Forex.com allows users to use various payment options including VISA, MasterCard, Wire Transfers and Maestro. The minimum deposit is $50. There are three main account types to choose from on Forex.com. The Standard account is ideal for traders who want a traditional spread pricing trading experience. On the other hand, The Commission account is ideal for traders seeking ultra-tight spreads with fixed commissions. Finally, the STP Pro account is for high-volume traders looking for maximum control. Only the standard account is available on MetaTrader.

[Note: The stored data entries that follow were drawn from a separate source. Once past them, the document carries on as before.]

lemma orbital_at_sym:
  assumes f: "f \<in> AutQ" and "b \<in> orbital_at f a"
  shows "a \<in> orbital_at f b"
proof -
  obtain m n where "ipow f m a \<le> b" "b \<le> ipow f n a"
    using assms(2) by (auto simp: orbital_at_def)
  then have "ipow f (- n) b \<le> a" "a \<le> ipow f (- m) b"
    using AutQ_le_iff[OF ipow_AutQ[OF f]] ipow_neg_cancel[OF AutQ_bij[OF f]] by metis+
  then show ?thesis by (auto simp: orbital_at_def)
qed

lemma orbital_at_trans:
  assumes f: "f \<in> AutQ" and "b \<in> orbital_at f a" "c \<in> orbital_at f b"
  shows "c \<in> orbital_at f a"
proof -
  obtain m n where mn: "ipow f m a \<le> b" "b \<le> ipow f n a"
    using assms(2) by (auto simp: orbital_at_def)
  obtain p q where pq: "ipow f p b \<le> c" "c \<le> ipow f q b"
    using assms(3) by (auto simp: orbital_at_def)
  have "ipow f (p + m) a \<le> ipow f p b" "ipow f q b \<le> ipow f (q + n) a"
    using mn AutQ_le_iff[OF ipow_AutQ[OF f]] by (simp_all add: ipow_add AutQ_bij[OF f])
  with pq show ?thesis by (auto simp: orbital_at_def intro: order_trans)
qed

lemma orbital_at_eq: "f \<in> AutQ \<Longrightarrow> b \<in> orbital_at f a \<Longrightarrow> orbital_at f b = orbital_at f a"
  using orbital_at_sym orbital_at_trans by blast

lemma orbital_at_disjoint:
  "f \<in> AutQ \<Longrightarrow> orbital_at f a \<noteq> orbital_at f b \<Longrightarrow> orbital_at f a \<inter> orbital_at f b = {}"
  using orbital_at_eq by blast

lemma orbital_at_apply_closed: "f \<in> AutQ \<Longrightarrow> x \<in> orbital_at f a \<Longrightarrow> f x \<in> orbital_at f a"
  using orbital_at_eq apply_mem_orbital_at by blast

lemma apply_less_if_notin_orbital_at:
  assumes f: "f \<in> AutQ" and "x < y" "y \<notin> orbital_at f x"
  shows "f x < y"
  using assms
    ord_convexD[OF ord_convex_orbital_at orbital_at_refl apply_mem_orbital_at[OF f], of x y]
  by (meson less_imp_le not_less)

lemma less_apply_if_notin_orbital_at:
  assumes f: "f \<in> AutQ" and "x < y" "x \<notin> orbital_at f y"
  shows "x < f y"
  using assms
    ord_convexD[OF ord_convex_orbital_at apply_mem_orbital_at[OF f] orbital_at_refl, of y x]
  by (meson less_imp_le not_less)

lemma orbital_saturated_orbital_at: "f \<in> AutQ \<Longrightarrow> orbital_saturated f (orbital_at f a)"
  unfolding orbital_saturated_def using orbital_at_eq by blast

lemma orbital_at_subset_or_disjoint:
  assumes "f \<in> AutQ" "orbital_saturated f S"
  shows "orbital_at f x \<subseteq> S \<or> orbital_at f x \<inter> S = {}"
  using assms orbital_at_eq unfolding orbital_saturated_def by blast

lemma orbital_at_fixed:
  assumes f: "f \<in> AutQ" and fix_x: "f x = x"
  shows "orbital_at f x = {x}"
proof -
  have inv_x: "inv f x = x"
    using fix_x AutQ_bij[OF f] by (metis bij_is_inj inv_f_f)
  have "ipow f n x = x" for n
    by (induction n rule: int_induct[where k = 0])
      (simp_all add: ipow_succ ipow_pred AutQ_bij[OF f] fix_x inv_x)
  then show ?thesis by (auto simp: orbital_at_def)
qed

lemma orbital_at_subset_supp:
  assumes f: "f \<in> AutQ" and x: "x \<in> supp f"
  shows "orbital_at f x \<subseteq> supp f"
proof
  fix y assume y: "y \<in> orbital_at f x"
  show "y \<in> supp f"
  proof (rule ccontr)
    assume "y \<notin> supp f"
    then have "orbital_at f x = {y}"
      using orbital_at_fixed[OF f] orbital_at_eq[OF f y] by (simp add: supp_def)
    then show False
      using x apply_mem_orbital_at[OF f] orbital_at_refl[of x f] by (auto simp: supp_def)
  qed
qed

lemma nontrivial_orbitals_eq:
  assumes f: "f \<in> AutQ"
  shows "nontrivial_orbitals f = orbital_at f ` supp f"
proof -
  have "(\<exists>x y. x \<in> orbital_at f a \<and> y \<in> orbital_at f a \<and> x \<noteq> y) \<longleftrightarrow> a \<in> supp f" for a
    using orbital_at_fixed[OF f, of a] orbital_at_refl[of a f] apply_mem_orbital_at[OF f, of a]
    by (auto simp: supp_def)
  moreover have "orbital_at f a \<in> orbital_at f ` supp f \<longleftrightarrow> a \<in> supp f" for a
    using orbital_at_subset_supp[OF f] orbital_at_sym[OF f] orbital_at_refl by blast
  ultimately show ?thesis
    by (auto simp: nontrivial_orbitals_def orbitals_def)
qed

lemma orbital_at_set_less:
  assumes "f \<in> AutQ" "x < y" "orbital_at f x \<noteq> orbital_at f y"
  shows "set_less (orbital_at f x) (orbital_at f y)"
  unfolding set_less_def
proof (intro ballI)
  fix u v assume uv: "u \<in> orbital_at f x" "v \<in> orbital_at f y"
  have disj: "orbital_at f x \<inter> orbital_at f y = {}"
    using orbital_at_disjoint assms by blast
  show "u < v"
  proof (rule ccontr)
    assume "\<not> u < v"
    then consider "y \<in> orbital_at f x" | "u \<in> orbital_at f y"
      using ord_convexD[OF ord_convex_orbital_at orbital_at_refl uv(1), of y]
        ord_convexD[OF ord_convex_orbital_at uv(2) orbital_at_refl, of u] \<open>x < y\<close>
      by fastforce
    then show False
      using disj uv orbital_at_refl by blast
  qed
qed

text \<open>The support of \<open>g\<close> is invariant under \<open>g\<close> and its inverse, so the integer powers of
  \<open>g\<close> and \<open>f\<close> agree on it.\<close>

lemma orbital_at_restriction:
  assumes g: "g \<in> AutQ" and f: "f \<in> AutQ" and r: "is_restriction g f" and x: "x \<in> supp g"
  shows "orbital_at g x = orbital_at f x"
proof -
  have closed: "g y \<in> supp g" "inv g y \<in> supp g" if "y \<in> supp g" for y
    using orbital_at_subset_supp[OF g that] apply_mem_orbital_at[OF g]
      inv_apply_mem_orbital_at[OF g] by blast+
  have agree: "g y = f y" if "y \<in> supp g" for y
    using r that by (simp add: is_restriction_def)
  have inv_agree: "inv g y = inv f y" if "y \<in> supp g" for y
  proof -
    have "f (inv g y) = y"
      using agree[OF closed(2)[OF that]] AutQ_bij[OF g] by (simp add: bij_is_surj surj_f_inv_f)
    then show ?thesis
      using AutQ_bij[OF f] by (simp add: bij_is_inj inv_f_eq)
  qed
  have "ipow g n x = ipow f n x \<and> ipow g n x \<in> supp g" for n
  proof (induction n rule: int_induct[where k = 0])
    case (step1 i)
    then have "ipow g i x \<in> supp g" "ipow f i x = ipow g i x" by auto
    then show ?case
      using agree closed by (simp add: ipow_succ AutQ_bij g f)
  next
    case (step2 i)
    then have "ipow g i x \<in> supp g" "ipow f i x = ipow g i x" by auto
    then show ?case
      using inv_agree closed by (simp add: ipow_pred AutQ_bij g f)
  qed (simp add: x)
  then show ?thesis by (simp add: orbital_at_def)
qed

lemma nontrivial_orbitals_restriction:
  assumes g: "g \<in> AutQ" and f: "f \<in> AutQ" and r: "is_restriction g f"
  shows "nontrivial_orbitals g = {U \<in> nontrivial_orbitals f. U \<subseteq> supp g}"
proof -
  have supp: "supp g \<subseteq> supp f"
    using r by (simp add: is_restriction_def)
  have "orbital_at g ` supp g = {U \<in> orbital_at f ` supp f. U \<subseteq> supp g}"
  proof (intro equalityI subsetI)
    fix U assume "U \<in> orbital_at g ` supp g"
    then obtain x where "x \<in> supp g" "U = orbital_at g x" by blast
    then show "U \<in> {U \<in> orbital_at f ` supp f. U \<subseteq> supp g}"
      using orbital_at_restriction[OF g f r] orbital_at_subset_supp[OF g] supp by auto
  next
    fix U assume "U \<in> {U \<in> orbital_at f ` supp f. U \<subseteq> supp g}"
    then obtain x where "x \<in> supp f" "U = orbital_at f x" "U \<subseteq> supp g" by blast
    then show "U \<in> orbital_at g ` supp g"
      using orbital_at_restriction[OF g f r] orbital_at_refl by (metis image_eqI subsetD)
  qed
  then show ?thesis by (simp add: nontrivial_orbitals_eq f g)
qed

lemma orbital_saturated_supp_restriction:
  assumes "g \<in> AutQ" "f \<in> AutQ" "is_restriction g f"
  shows "orbital_saturated f (supp g)"
  unfolding orbital_saturated_def
  using orbital_at_restriction[OF assms] orbital_at_subset_supp[OF assms(1)] by simp

lemma is_orbital_elem_iff: "is_orbital_elem g1 g \<longleftrightarrow> is_bump g1 \<and> is_restriction g1 g"
  by (simp add: is_orbital_elem_def is_restriction_def)

section \<open>Finitely many orbitals: no conjugate factorization\<close>

lemma cofactor_of_restriction:
  assumes g: "g \<in> AutQ" and g1: "g1 \<in> AutQ"
    and r: "is_restriction g1 g" and g_eq: "g = g1 \<circ> g2"
  shows "g2 x = (if x \<in> supp g1 then x else g x)"
proof -
  let ?S = "supp g1"
  have sat: "orbital_saturated g ?S"
    using orbital_saturated_supp_restriction[OF g1 g r] .
  show ?thesis
  proof (cases "x \<in> ?S")
    case True
    then have "g1 (g2 x) = g1 x"
      using r g_eq by (simp add: is_restriction_def)
    with True show ?thesis
      using AutQ_bij[OF g1] by (simp add: bij_is_inj inj_eq)
  next
    case False
    have "g x \<notin> ?S"
    proof
      assume "g x \<in> ?S"
      then have "inv g (g x) \<in> ?S"
        using sat inv_apply_mem_orbital_at[OF g] unfolding orbital_saturated_def by blast
      with False show False
        using AutQ_bij[OF g] by (simp add: bij_is_inj)
    qed
    then have "g1 (g2 x) = g1 (g x)"
      using g_eq by (simp add: supp_def)
    with False show ?thesis
      using AutQ_bij[OF g1] by (simp add: bij_is_inj inj_eq)
  qed
qed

77.7% of retail investor accounts lose money when trading CFDs with this provider.

 

AvaTrade

AvaTrade is a well-recognized Forex and CFD broker that has been founded back in 2006. The company has licenses to operate from several reputable regulators. It is regulated by the CySEC, ASIC, BVIFSC, FSCA and FFAJ among others. Traders can trade CFDs on currencies, stocks, commodities, indices, cryptocurrencies, ETFs and bonds. CFDs are complex instruments with a high risk of losing funds. Investors should understand the risks before they choose to invest.

 

 

Nonetheless, AvaTrade is one of the best brokers with little to no slippage in the market. Clients have access to top-notch trading platforms MetaTrader 4 and MetaTrader 5. They also have access to AvaTrade’s suite of platforms, AvaTradeGO, AvaOptions, DupliTrade and ZuluTrade. DupliTrade and ZuluTrade allow clients to copy the trades of top-performing traders automatically.

 

Further, AvaTrade supports a variety of deposit and withdrawal options. Wire Transfers and Credit card payments are available to most clients globally. However, credit card payments are not available to clients in Canada. Investors can also use e-payment options such as Skrill, WebMoney and Neteller. Unfortunately, e-payment options are not available to clients in the EU. The minimum deposit amount is $100.

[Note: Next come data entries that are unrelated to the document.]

definition differentiable_efun_at :: "(real^'p \<Rightarrow> ereal) \<Rightarrow> real^'p \<Rightarrow> bool" where
  "differentiable_efun_at f x \<longleftrightarrow> f x \<noteq> \<infinity> \<and> f x \<noteq> -\<infinity> \<and>
     (\<exists>g. ((\<lambda>z. real_of_ereal (f z)) has_derivative (\<lambda>h. g \<bullet> h)) (at x))"

definition essentially_smooth :: "(real^'p \<Rightarrow> ereal) \<Rightarrow> bool" where
  "essentially_smooth f \<longleftrightarrow>
     interior (edom f) \<noteq> {} \<and>
     (\<forall>x \<in> interior (edom f). differentiable_efun_at f x) \<and>
     (\<forall>X x. (\<forall>k. X k \<in> interior (edom f)) \<longrightarrow> X \<longlonglongrightarrow> x \<longrightarrow>
         x \<in> frontier (interior (edom f)) \<longrightarrow>
         filterlim (\<lambda>k. norm (egrad f (X k))) at_top sequentially)"

text \<open>Essentially strictly convex; for an essentially smooth convex function this is
  strict convexity on the interior of its domain (= dom of the subdifferential).\<close>
definition strictly_convex_on_int_dom :: "(real^'p \<Rightarrow> ereal) \<Rightarrow> bool" where
  "strictly_convex_on_int_dom f \<longleftrightarrow>
     (\<forall>x \<in> interior (edom f). \<forall>y \<in> interior (edom f). \<forall>t. x \<noteq> y \<and> 0 < t \<and> t < 1 \<longrightarrow>
        f (t *\<^sub>R x + (1 - t) *\<^sub>R y) < ereal t * f x + ereal (1 - t) * f y)"

definition legendre_type :: "(real^'p \<Rightarrow> ereal) \<Rightarrow> bool" where
  "legendre_type f \<longleftrightarrow> proper_fun f \<and> convex_efun f \<and> closed_efun f \<and>
     essentially_smooth f \<and> strictly_convex_on_int_dom f"

definition is_norm :: "(real^'p \<Rightarrow> real) \<Rightarrow> bool" where
  "is_norm N \<longleftrightarrow> (\<forall>x. N x = 0 \<longleftrightarrow> x = 0) \<and> (\<forall>x y. N (x + y) \<le> N x + N y) \<and>
     (\<forall>c x. N (c *\<^sub>R x) = \<bar>c\<bar> * N x)"

definition dual_norm :: "(real^'p \<Rightarrow> real) \<Rightarrow> real^'p \<Rightarrow> real" where
  "dual_norm N v = Sup {v \<bullet> u | u. N u \<le> 1}"

definition strongly_convex_over :: "(real^'p \<Rightarrow> ereal) \<Rightarrow> (real^'p) set \<Rightarrow> (real^'p \<Rightarrow> real) \<Rightarrow> real \<Rightarrow> bool" where
  "strongly_convex_over f C N \<beta> \<longleftrightarrow> (\<forall>u\<in>C. \<forall>v\<in>C. \<forall>t. 0 \<le> t \<and> t \<le> 1 \<longrightarrow>
     f (t *\<^sub>R u + (1 - t) *\<^sub>R v) \<le> ereal t * f u + ereal (1 - t) * f v
        - ereal (t * (1 - t) / (2 * \<beta>) * (N (u - v))\<^sup>2))"

definition fenchel_conj :: "(real^'p \<Rightarrow> ereal) \<Rightarrow> real^'p \<Rightarrow> ereal" where
  "fenchel_conj f \<theta> = (SUP u. ereal (\<theta> \<bullet> u) - f u)"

76% of retail CFD accounts lose money

 

XM

XM is a professional broker that allows clients to trade forex and CFDs on Stocks, Stock Indices, Oil and Gold. They do this on industry-standard platforms, MT4 and MT5. Mobile users can also trade these instruments using the XM App available on both Android and iOS. This broker is well-regulated with licenses from CySEC and ASIC. XM is also on the register of the FCA, Bafin and CNMV among others.

 

XM supports a variety of payment options for account funding. Clients can fund their accounts using Wire Transfers, Credit and Debit card payments and Skrill. The minimum deposit amount on XM is $5. Additionally, clients can choose between four available trading accounts. These include the Micro, Standard, XM Ultra Low and Shares accounts.

 

Note that, while this company has good regulations, it is no guarantee that investors will not lose their money. CFD trading comes with a lot of risks and a significant number of traders lose while trading.

XTB

XTB is a forex/CFD broker that offers clients access to over 2100 trading instruments. These trading instruments are CFDs in six different markets which include forex, indices, commodities, cryptocurrencies, stocks and ETFs. This range of markets is what attracts traders to XTB along with its tight-spread accounts. Additionally, XTB offers a powerful and responsive trading platform to its clients. They can access the xStation platform on PC, Mac, Android, iOS and on the Web.

 

 

The regulatory status of XTB is notable, to say the least. The company has regulatory licenses from the FCA in the UK, the KNF in Poland, the CySEC in Cyprus and the IFSC in Belize. This regulatory status puts a good case for the legitimacy of XTB. Furthermore, XTB supports various payment methods for deposits and withdrawals. Investors can fund their accounts and withdraw cash using Wire Transfers, Debit/Credit card payments, PayPal and Paysafe. The minimum deposit amount is €1.

Final Thoughts on Brokers with low to no slippage

Slippage is a part of forex trading that you cannot avoid. While it may work in favour of the trader, there is no guarantee. The best thing to do is to minimize slippage at all costs. Trading with forex brokers with little to no slippage is the best bet for this.